А глухая канонада нарастает.
Нарастает предгрозье: скоро будет гроза.
…..
…Я вхожу в княжескую усадьбу.
Доктор Тагабат и часовой пьют вино. Андрюша хмуро сидит в углу. Потом Андрюша подходит ко мне и наивно-печально говорит:
- Слушай, друг! Отпусти меня!
Я:
- Куда?
Андрюша:
- На фронт. Я больше не могу тут.
Ага! Он больше не может! И во мне вдруг вспыхивает злоба. Наконец прорвалось. Я долго сдерживал себя. – Он хочет на фронт? Он хочет быть подальше от этого черного, грязного дела? Он хочет умыть руки и быть невинным, как голубь? Он мне передает свое право купаться в потоках крови?
И я кричу.
- Вы забываетесь! Слышите? Если вы еще раз об этом заговорите, я вас немедля расстреляю.
Доктор Тагабат, динамично:
- Так его, так его! – И покатил смех по пустынным лабиринтам княжеских покоев. - Так его! Так его!
Андрюша сник, побледнел и вышел из кабинета.
Доктор сказал:
- Точка! Я продолжаю. И ты работай.
Я:
- Кто на очереди?
- Дело № 282.
Я:
Ведите.
Часовой молча, как автомат, вышел из комнаты.
(Да, это был незаменимый часовой: не только Андрюша – и мы грешили, я и доктор. Мы часто уклонялись от того, чтобы смотреть на расстрелы. Но он, этот дегенерат, всегда был солдатом революции и лишь тогда уходил с поля, когда таяли дымки и закапывали расстрелянных.)
…Портьера раздвинулась, и в мой кабинет вошли двое: женщина в трауре и мужчина в пенсне. Они были изрядно напуганы обстановкой: аристократическая роскошь, княжеские портреты и кавардак – пустые бутылки, револьверы и синий сигаретный дым.
Я:
- Ваша фамилия?
- Зет!
- Ваша фамилия?
- Игрек!
Мужчина поджал тонкие бледные губы и впал в беспардонно-плаксивый тон: он просил милости. Женщина утирала платком глаза.
Я:
- Где вас забрали?
- Там-то!
- За что вас забрали?
- За то-то!
Ага, так у вас было собрание! Как можно было устраивать собрание в этот тревожный ночной час на частной квартире?
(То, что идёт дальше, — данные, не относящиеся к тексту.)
(* Every affine liner is $2$-balanced, i.e., all its lines have the same cardinality.
   Context: A liner is a set $X$ of points with a family of subsets called lines such that any two distinct points lie in a unique line and every line contains at least two points. For distinct $x,y$, $\overline{xy}$ is the line through them and $\overline{xx}:=\{x\}$. A liner $X$ is affine if for all $o,x,y\in X$ and $p\in\overline{xy}\setminus\overline{ox}$ there exists $u\in\overline{oy}$ such that for every $v\in\overline{oy}$: $u=v$ if and only if $\overline{vp}\cap\overline{ox}=\varnothing$. *)

theory Defs
  imports Main "HOL-Library.Equipollence"
begin

definition liner :: "'a set \<Rightarrow> 'a set set \<Rightarrow> bool" where
  "liner X L \<longleftrightarrow>
     (\<forall>l\<in>L. l \<subseteq> X \<and> (\<exists>a b. a \<in> l \<and> b \<in> l \<and> a \<noteq> b)) \<and>
     (\<forall>x\<in>X. \<forall>y\<in>X. x \<noteq> y \<longrightarrow> (\<exists>!l. l \<in> L \<and> x \<in> l \<and> y \<in> l))"

definition line_through :: "'a set set \<Rightarrow> 'a \<Rightarrow> 'a \<Rightarrow> 'a set" where
  "line_through L x y = (if x = y then {x} else (THE l. l \<in> L \<and> x \<in> l \<and> y \<in> l))"

definition affine_liner :: "'a set \<Rightarrow> 'a set set \<Rightarrow> bool" where
  "affine_liner X L \<longleftrightarrow> liner X L \<and>
     (\<forall>c\<in>X. \<forall>x\<in>X. \<forall>y\<in>X. \<forall>p \<in> line_through L x y - line_through L c x.
        (\<exists>u\<in>line_through L c y. \<forall>v\<in>line_through L c y.
            (u = v \<longleftrightarrow> line_through L v p \<inter> line_through L c x = {})))"

end

theory Submission
  imports Defs
begin

text \<open>Two lines through a common point \<open>c\<close> are equipollent: choosing \<open>x \<noteq> c\<close> on the first
and \<open>y \<noteq> c\<close> on the second, the affine axiom says that the parallel to \<open>xy\<close> through any
point \<open>a \<noteq> x\<close> of the first line meets the second in exactly one point, so projecting along the
direction \<open>xy\<close> (and sending \<open>x\<close> to \<open>y\<close>) is a bijection. Any two lines are joined by a third
line meeting both of them.\<close>

lemma affine_liner_imp_liner: "affine_liner X L \<Longrightarrow> liner X L"
  unfolding affine_liner_def by blast

lemma affine_linerE:
  assumes "affine_liner X L" "c \<in> X" "x \<in> X" "y \<in> X"
    and "p \<in> line_through L x y - line_through L c x"
  obtains u where "u \<in> line_through L c y"
    and "\<And>v. v \<in> line_through L c y \<Longrightarrow>
           u = v \<longleftrightarrow> line_through L v p \<inter> line_through L c x = {}"
proof -
  have "\<forall>c\<in>X. \<forall>x\<in>X. \<forall>y\<in>X. \<forall>p \<in> line_through L x y - line_through L c x.
      \<exists>u\<in>line_through L c y. \<forall>v\<in>line_through L c y.
        u = v \<longleftrightarrow> line_through L v p \<inter> line_through L c x = {}"
    using assms(1) unfolding affine_liner_def by (rule conjunct2)
  then show ?thesis
    using that assms(2-5) by meson
qed

lemma line_through_commute: "line_through L a b = line_through L b a"
  unfolding line_through_def by (simp add: conj_commute)

lemma liner_line_subset: "liner X L \<Longrightarrow> l \<in> L \<Longrightarrow> l \<subseteq> X"
  unfolding liner_def by blast

lemma liner_line_other_point:
  assumes "liner X L" "l \<in> L"
  obtains b where "b \<in> l" "b \<noteq> a"
  using assms unfolding liner_def by metis

lemma liner_line_through:
  assumes "liner X L" "a \<in> X" "b \<in> X" "a \<noteq> b"
  shows "line_through L a b \<in> L" "a \<in> line_through L a b" "b \<in> line_through L a b"
proof -
  have "\<exists>!l. l \<in> L \<and> a \<in> l \<and> b \<in> l"
    using assms unfolding liner_def by blast
  from theI'[OF this] show "line_through L a b \<in> L" "a \<in> line_through L a b" "b \<in> line_through L a b"
    using assms(4) unfolding line_through_def by simp_all
qed

lemma liner_line_through_eq:
  assumes "liner X L" "l \<in> L" "a \<in> l" "b \<in> l" "a \<noteq> b"
  shows "line_through L a b = l"
proof -
  have "\<exists>!l. l \<in> L \<and> a \<in> l \<and> b \<in> l"
    using assms liner_line_subset[OF assms(1,2)] unfolding liner_def by blast
  then have "(THE l. l \<in> L \<and> a \<in> l \<and> b \<in> l) = l"
    using assms by (intro the1_equality) auto
  then show ?thesis
    using assms(5) unfolding line_through_def by simp
qed

lemma liner_lines_eq:
  assumes "liner X L" "l \<in> L" "l' \<in> L" "a \<in> l" "a \<in> l'" "b \<in> l" "b \<in> l'" "a \<noteq> b"
  shows "l = l'"
  using liner_line_through_eq[OF assms(1,2,4,6,8)] liner_line_through_eq[OF assms(1,3,5,7,8)]
  by simp

lemma liner_left_mem_line_through:
  assumes "liner X L" "a \<in> X" "b \<in> X"
  shows "a \<in> line_through L a b"
  using liner_line_through[OF assms] by (cases "a = b") (simp_all add: line_through_def)

lemma eqpoll_if_bijective_relation:
  assumes "\<And>a. a \<in> A \<Longrightarrow> \<exists>!b. b \<in> B \<and> R a b"
    and "\<And>b. b \<in> B \<Longrightarrow> \<exists>!a. a \<in> A \<and> R a b"
  shows "A \<approx> B"
proof (rule lepoll_antisym)
  show "A \<lesssim> B"
    by (rule lepoll_relational_full[where R = "\<lambda>b a. R a b"]) (use assms in blast)+
  show "B \<lesssim> A"
    by (rule lepoll_relational_full[where R = R]) (use assms in blast)+
qed

text \<open>The pair \<open>(x, y)\<close> itself has to be added by hand, because the line \<open>xy\<close> is not disjoint
from itself.\<close>

definition parallel_corresp :: "'a set set \<Rightarrow> 'a \<Rightarrow> 'a \<Rightarrow> 'a \<Rightarrow> 'a \<Rightarrow> bool" where
  "parallel_corresp L x y a b \<longleftrightarrow>
     (a = x \<and> b = y) \<or> line_through L a b \<inter> line_through L x y = {}"

lemma parallel_corresp_commute: "parallel_corresp L x y a b = parallel_corresp L y x b a"
  unfolding parallel_corresp_def line_through_commute[of L b a] line_through_commute[of L y x]
  by blast

lemma affine_liner_parallel_corresp_unique:
  assumes aff: "affine_liner X L"
    and lines: "l1 \<in> L" "l2 \<in> L" "l1 \<noteq> l2"
    and c: "c \<in> l1" "c \<in> l2" and x: "x \<in> l1" "x \<noteq> c" and y: "y \<in> l2" "y \<noteq> c"
    and a: "a \<in> l1"
  shows "\<exists>!b. b \<in> l2 \<and> parallel_corresp L x y a b"
proof -
  have lin: "liner X L"
    using aff by (rule affine_liner_imp_liner)
  have X: "c \<in> X" "x \<in> X" "y \<in> X" "a \<in> X"
    using liner_line_subset[OF lin] lines c x y a by blast+
  show ?thesis
  proof (cases "a = x")
    case True
    have "line_through L x b \<inter> line_through L x y \<noteq> {}" if "b \<in> l2" for b
    proof -
      have "b \<in> X"
        using liner_line_subset[OF lin lines(2)] that by blast
      then show ?thesis
        using liner_left_mem_line_through[OF lin X(2)] X(3) by blast
    qed
    then show ?thesis
      using True y(1) unfolding parallel_corresp_def by blast
  next
    case False
    have l1: "line_through L x c = l1"
      using liner_line_through_eq[OF lin lines(1) x(1) c(1) x(2)] .
    have l2: "line_through L y c = l2"
      using liner_line_through_eq[OF lin lines(2) y(1) c(2) y(2)] .
    have xy: "x \<noteq> y"
      using liner_lines_eq[OF lin lines(1,2) c] lines(3) x(1,2) y(1) by blast
    note l3 = liner_line_through[OF lin X(2,3) xy]
    have "a \<notin> line_through L x y"
    proof
      assume "a \<in> line_through L x y"
      then have "line_through L x y = l1"
        using liner_lines_eq[OF lin l3(1) lines(1) l3(2) x(1) _ a] False by blast
      then show False
        using liner_lines_eq[OF lin lines(1,2) c _ y(1) y(2)[symmetric]] l3(3) lines(3) by blast
    qed
    then have "a \<in> line_through L x c - line_through L y x"
      using a l1 line_through_commute[of L y x] by simp
    then obtain u where "u \<in> l2"
      and u: "\<And>v. v \<in> l2 \<Longrightarrow> u = v \<longleftrightarrow> line_through L v a \<inter> line_through L y x = {}"
      using affine_linerE[OF aff X(3,2,1)] l2 by metis
    moreover have "parallel_corresp L x y a v \<longleftrightarrow> line_through L v a \<inter> line_through L y x = {}" for v
      using False unfolding parallel_corresp_def line_through_commute[of L v a]
        line_through_commute[of L y x] by simp
    ultimately show ?thesis
      by blast
  qed
qed

lemma affine_liner_concurrent_lines_eqpoll:
  assumes aff: "affine_liner X L" and lines: "l1 \<in> L" "l2 \<in> L" and c: "c \<in> l1" "c \<in> l2"
  shows "l1 \<approx> l2"
proof (cases "l1 = l2")
  case False
  have lin: "liner X L"
    using aff by (rule affine_liner_imp_liner)
  obtain x where x: "x \<in> l1" "x \<noteq> c"
    using liner_line_other_point[OF lin lines(1)] by blast
  obtain y where y: "y \<in> l2" "y \<noteq> c"
    using liner_line_other_point[OF lin lines(2)] by blast
  show ?thesis
  proof (rule eqpoll_if_bijective_relation)
    show "\<exists>!b. b \<in> l2 \<and> parallel_corresp L x y a b" if "a \<in> l1" for a
      using affine_liner_parallel_corresp_unique[OF aff lines False c x y that] .
    show "\<exists>!a. a \<in> l1 \<and> parallel_corresp L x y a b" if "b \<in> l2" for b
      using affine_liner_parallel_corresp_unique[OF aff lines(2,1) False[symmetric] c(2,1) y x that]
      unfolding parallel_corresp_commute[of L y x] .
  qed
qed simp

theorem theorem3p3p17:
  fixes X :: "'a set" and L :: "'a set set"
  assumes "affine_liner X L"
  shows "\<forall>l1\<in>L. \<forall>l2\<in>L. l1 \<approx> l2"
proof (intro ballI)
  fix l1 l2 assume lines: "l1 \<in> L" "l2 \<in> L"
  have lin: "liner X L"
    using assms by (rule affine_liner_imp_liner)
  obtain c where c: "c \<in> l1"
    using liner_line_other_point[OF lin lines(1)] by blast
  obtain y where y: "y \<in> l2" "y \<noteq> c"
    using liner_line_other_point[OF lin lines(2)] by blast
  have "c \<in> X" "y \<in> X"
    using liner_line_subset[OF lin] lines c y by blast+
  note l = liner_line_through[OF lin this y(2)[symmetric]]
  have "l1 \<approx> line_through L c y"
    using affine_liner_concurrent_lines_eqpoll[OF assms lines(1) l(1) c l(2)] .
  also have "line_through L c y \<approx> l2"
    using affine_liner_concurrent_lines_eqpoll[OF assms l(1) lines(2) l(3) y(1)] .
  finally show "l1 \<approx> l2" .
qed

end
Ага, вы теософы! Взыскуете истины! Новой?.. Так! Так!.. Это кто же? Христос?.. Нет?.. Другой спаситель мира?.. Так! Так! Вас не устраивает ни Конфуций, ни Лао-цзы, ни Будда, ни Магомет, ни сам черт!.. Ага, понимаю: надо заполнить пустые места…
Я:
- Так по-вашему, значит, настал час прихода Нового Мессии?
Мужчина и женщина:
- Да!
Я:
- Вы думаете, что этот психологический кризис наступает и в Европе, и в Азии, и в остальных частях света?
Мужчина и женщина:
- Да!
Я:
- Так какого ж черта, мать вашу пере так, вы не провозгласите этим Мессией чека?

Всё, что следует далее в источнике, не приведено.